The most quietly influential design decision of the last year in agents wasn't a model. It was the shape of Claude Code: a coding agent that could run for an hour, keep a to-do list, spawn helpers, and write to files instead of drowning in its own context. That shape has a name now — the deep agent — and it's being cloned in the open.
If you want the concept from the ground up, we've unpacked what deep agents are before; the clearest articulation comes from LangChain, which shipped a reference harness and, in its "Deep Agents" writeup, named the four pillars that separate a deep agent from a plain tool-calling loop:
- Planning tools. A
write_todostool that, mechanically, does almost nothing — it just maintains a structured task list in state. Its value is that it gives the model a place to plan and re-plan out loud, which measurably steadies long runs. - Sub-agents. A
tasktool that spawns an ephemeral agent with clean, isolated context. The orchestrator delegates a chunk of work, gets back a result, and never pays the token cost of the sub-agent's scratch reasoning. - A filesystem. Files as offloaded memory. Instead of stuffing every intermediate result into a ~200K-token window until it collapses, the agent writes to disk and passes references.
- A long, detailed system prompt. Hundreds of lines, Claude Code-style. Deep agents are prompt-heavy on purpose.
A shallow agent is tools in a loop. A deep agent adds planning, context offloading, and delegation — the three things that let a run survive past the context window.
The reference, and its one lock-in#
The obvious starting point is the original:
It's mature, widely used, and MIT-licensed. It also carries one architectural commitment worth naming — one we've compared against LangChain and LangGraph directly: it's built on LangGraph. If you already live in that runtime, that's a feature. If you don't — if you want the deep-agent shape without adopting a graph runtime and its state model — you've been out of luck.

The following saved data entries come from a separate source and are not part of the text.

lemma continuous_on_variation:
  fixes f :: "real \<Rightarrow> real"
  assumes AC: "absolutely_continuous_on {a..b} f"
  shows "continuous_on {a..b} (variation f a)"
  unfolding continuous_on_iff
proof (intro ballI allI impI)
  fix x0 e :: real assume x0: "x0 \<in> {a..b}" and "e > 0"
  then obtain d where d: "d > 0"
    "\<And>x y. a \<le> x \<Longrightarrow> x \<le> y \<Longrightarrow> y \<le> b \<Longrightarrow> y - x < d \<Longrightarrow> variation f a y \<le> variation f a x + e/2"
    using variation_short_increment[OF AC, of "e/2"] by auto
  have mono: "variation f a x \<le> variation f a y" if "a \<le> x" "x \<le> y" "y \<le> b" for x y
    using variation_add_increment[OF AC that] by linarith
  show "\<exists>d>0. \<forall>x\<in>{a..b}. dist x x0 < d \<longrightarrow> dist (variation f a x) (variation f a x0) < e"
  proof (intro exI[of _ d] conjI ballI impI)
    fix x assume x: "x \<in> {a..b}" "dist x x0 < d"
    show "dist (variation f a x) (variation f a x0) < e"
      using x x0 \<open>e > 0\<close> d(2)[of x0 x] d(2)[of x x0] mono[of x0 x] mono[of x x0]
      by (cases "x0 \<le> x") (auto simp: dist_real_def)
  qed (use d in auto)
qed

lemma absolutely_continuous_on_imp_continuous_on:
  fixes f :: "real \<Rightarrow> real"
  assumes AC: "absolutely_continuous_on {a..b} f"
  shows "continuous_on {a..b} f"
  unfolding continuous_on_iff
proof (intro ballI allI impI)
  fix x0 e :: real assume x0: "x0 \<in> {a..b}" and e: "e > 0"
  obtain d where d: "d > 0" "\<And>(n::nat) \<alpha> \<beta>. (\<forall>i<n. \<alpha> i \<le> \<beta> i \<and> {\<alpha> i..\<beta> i} \<subseteq> {a..b}) \<Longrightarrow>
        (\<forall>i<n. \<forall>j<n. i \<noteq> j \<longrightarrow> \<beta> i \<le> \<alpha> j \<or> \<beta> j \<le> \<alpha> i) \<Longrightarrow>
        (\<Sum>i<n. \<beta> i - \<alpha> i) < d \<Longrightarrow> (\<Sum>i<n. \<bar>f (\<beta> i) - f (\<alpha> i)\<bar>) < e"
    using absolutely_continuous_onD[OF AC e] by blast
  show "\<exists>d>0. \<forall>x\<in>{a..b}. dist x x0 < d \<longrightarrow> dist (f x) (f x0) < e"
  proof (intro exI[of _ d] conjI ballI impI)
    fix x assume x: "x \<in> {a..b}" "dist x x0 < d"
    have "\<bar>f (max x x0) - f (min x x0)\<bar> < e"
      using d(2)[of 1 "\<lambda>_. min x x0" "\<lambda>_. max x x0"] x x0
      by (auto simp: dist_real_def min_def max_def)
    then show "dist (f x) (f x0) < e"
      by (cases "x0 \<le> x") (auto simp: dist_real_def abs_minus_commute)
  qed (use d in auto)
qed

lemma negligible_not_differentiable_mono_on:
  fixes g :: "real \<Rightarrow> real"
  assumes "mono_on {a..b} g" "continuous_on {a..b} g"
  shows "negligible {t \<in> {a..b}. \<not> (\<exists>D. (g has_real_derivative D) (at t within {a..b}))}"
proof (cases "a \<le> b")
  case True
  define c where "c t = max a (min b t)" for t
  have c: "c t \<in> {a..b}" "t \<in> {a..b} \<Longrightarrow> c t = t" for t
    unfolding c_def using True by auto
  have "mono (g \<circ> c)"
    using assms(1) c(1) unfolding c_def by (intro monoI) (auto simp: mono_on_def)
  moreover have "continuous_on UNIV (g \<circ> c)"
    using c(1) unfolding c_def
    by (intro continuous_on_compose continuous_intros continuous_on_subset[OF assms(2)]) auto
  ultimately have "negligible {t. \<not> (\<exists>D. ((g \<circ> c) has_real_derivative D) (at t))}"
    by (rule negligible_not_differentiable_mono)
  then show ?thesis
  proof (rule negligible_subset, safe)
    fix t D assume t: "t \<in> {a..b}" and "((g \<circ> c) has_real_derivative D) (at t)"
    then have "((g \<circ> c) has_real_derivative D) (at t within {a..b})"
      using has_field_derivative_at_within by blast
    then have "(g has_real_derivative D) (at t within {a..b})"
      by (rule has_field_derivative_transform_within[OF _ zero_less_one t]) (simp add: c(2))
    moreover assume "\<not> (\<exists>D. (g has_real_derivative D) (at t within {a..b}))"
    ultimately show False by blast
  qed
qed simp

theorem negligible_not_differentiable_absolutely_continuous:
  fixes f :: "real \<Rightarrow> real"
  assumes AC: "absolutely_continuous_on {a..b} f"
  shows "negligible {t \<in> {a..b}. \<not> (\<exists>D. (f has_real_derivative D) (at t within {a..b}))}"
proof -
  \<comment> \<open>Jordan decomposition: f = (g - h) / 2 with g and h increasing\<close>
  define g where "g t = variation f a t + f t" for t
  define h where "h t = variation f a t - f t" for t
  have "mono_on {a..b} g" "mono_on {a..b} h"
    using variation_add_increment[OF AC] unfolding g_def h_def
    by (auto intro!: mono_onI) (smt (verit))+
  moreover have "continuous_on {a..b} g" "continuous_on {a..b} h"
    unfolding g_def h_def using continuous_on_variation[OF AC]
      absolutely_continuous_on_imp_continuous_on[OF AC] by (auto intro: continuous_intros)
  ultimately have "negligible ({t \<in> {a..b}. \<not> (\<exists>D. (g has_real_derivative D) (at t within {a..b}))} \<union>
      {t \<in> {a..b}. \<not> (\<exists>D. (h has_real_derivative D) (at t within {a..b}))})"
    by (intro negligible_Un negligible_not_differentiable_mono_on)
  then show ?thesis
  proof (rule negligible_subset, safe)
    fix t Dg Dh
    assume "(g has_real_derivative Dg) (at t within {a..b})" "(h has_real_derivative Dh) (at t within {a..b})"
    then have "((\<lambda>s. (g s - h s) / 2) has_real_derivative (Dg - Dh) / 2) (at t within {a..b})"
      by (intro DERIV_cdivide DERIV_diff)
    moreover have "(\<lambda>s. (g s - h s) / 2) = f" unfolding g_def h_def by auto
    moreover assume "\<not> (\<exists>D. (f has_real_derivative D) (at t within {a..b}))"
    ultimately show False by auto
  qed
qed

That's the gap a small, newer cluster of repos is filling on a different base: Pydantic AI, the type-validated, genuinely model-agnostic framework from the Pydantic team.
The self-hosted Claude Code#
The headline project rebuilds the whole harness end to end:
Its own description is the pitch: "Open-source, self-hosted Claude Code — a terminal AI assistant and the Python framework behind it. Tool-calling, sandboxed execution, multi-agent teams, skills, checkpoints, unlimited context — on Pydantic AI, any model." Under the hood that's Docker-sandboxed execution with persistent named workspaces, multi-agent teams that share a to-do list and message each other, SKILL.md skills loaded on demand, checkpoints you can save/rewind/fork, and auto-summarization to stretch context. It is, deliberately, the four pillars plus a terminal.
The honest caveat: it's young (first commit was late November 2025) and small — under a thousand stars. Treat it as a promising community project, not infrastructure. The load-bearing maturity lives one layer down, in pydantic-ai itself.
Skills, without the prompt bloat#
If you don't want the whole terminal and just want to bolt capabilities onto a Pydantic AI agent, there's a narrower tool:
It implements the Agent Skills standard — the open SKILL.md format Anthropic released in December 2025 — with progressive disclosure: the agent sees a one-line skill description first and pulls the full instructions only when a task actually calls for it. Both filesystem skills (folders of markdown) and programmatic skills (Python decorators) are supported. The point is context economy: you can carry fifty skills without paying for fifty in your system prompt.
Why the base framework is the real story#
Here's the non-obvious part, and the reason to care which foundation you pick. In a deep agent, the orchestrator hands tool arguments to sub-agents across dozens of hops over hours. The failure mode that eats these runs isn't a crash — it's a subtly malformed handoff that doesn't crash, and quietly corrupts everything downstream until you notice, much later, that the last two hours were garbage.
Pydantic AI validates structured tool inputs and outputs at every boundary. A bad call fails loudly and locally, at the hop where it happened, instead of poisoning the trajectory. Deep-agent architecture is what creates the long horizons; the validation boundary is what keeps them from silently rotting. That's a different value proposition than "types are nice" — it's the specific defect class that long runs generate, caught at the specific place it's cheapest to catch.
And because Pydantic AI is model-agnostic, the whole harness — sandbox, skills, sub-agents — runs on whatever model you own. "Self-hosted Claude Code" turns out to describe the shape of the tool, not a dependency on Anthropic. That's the part the name undersells.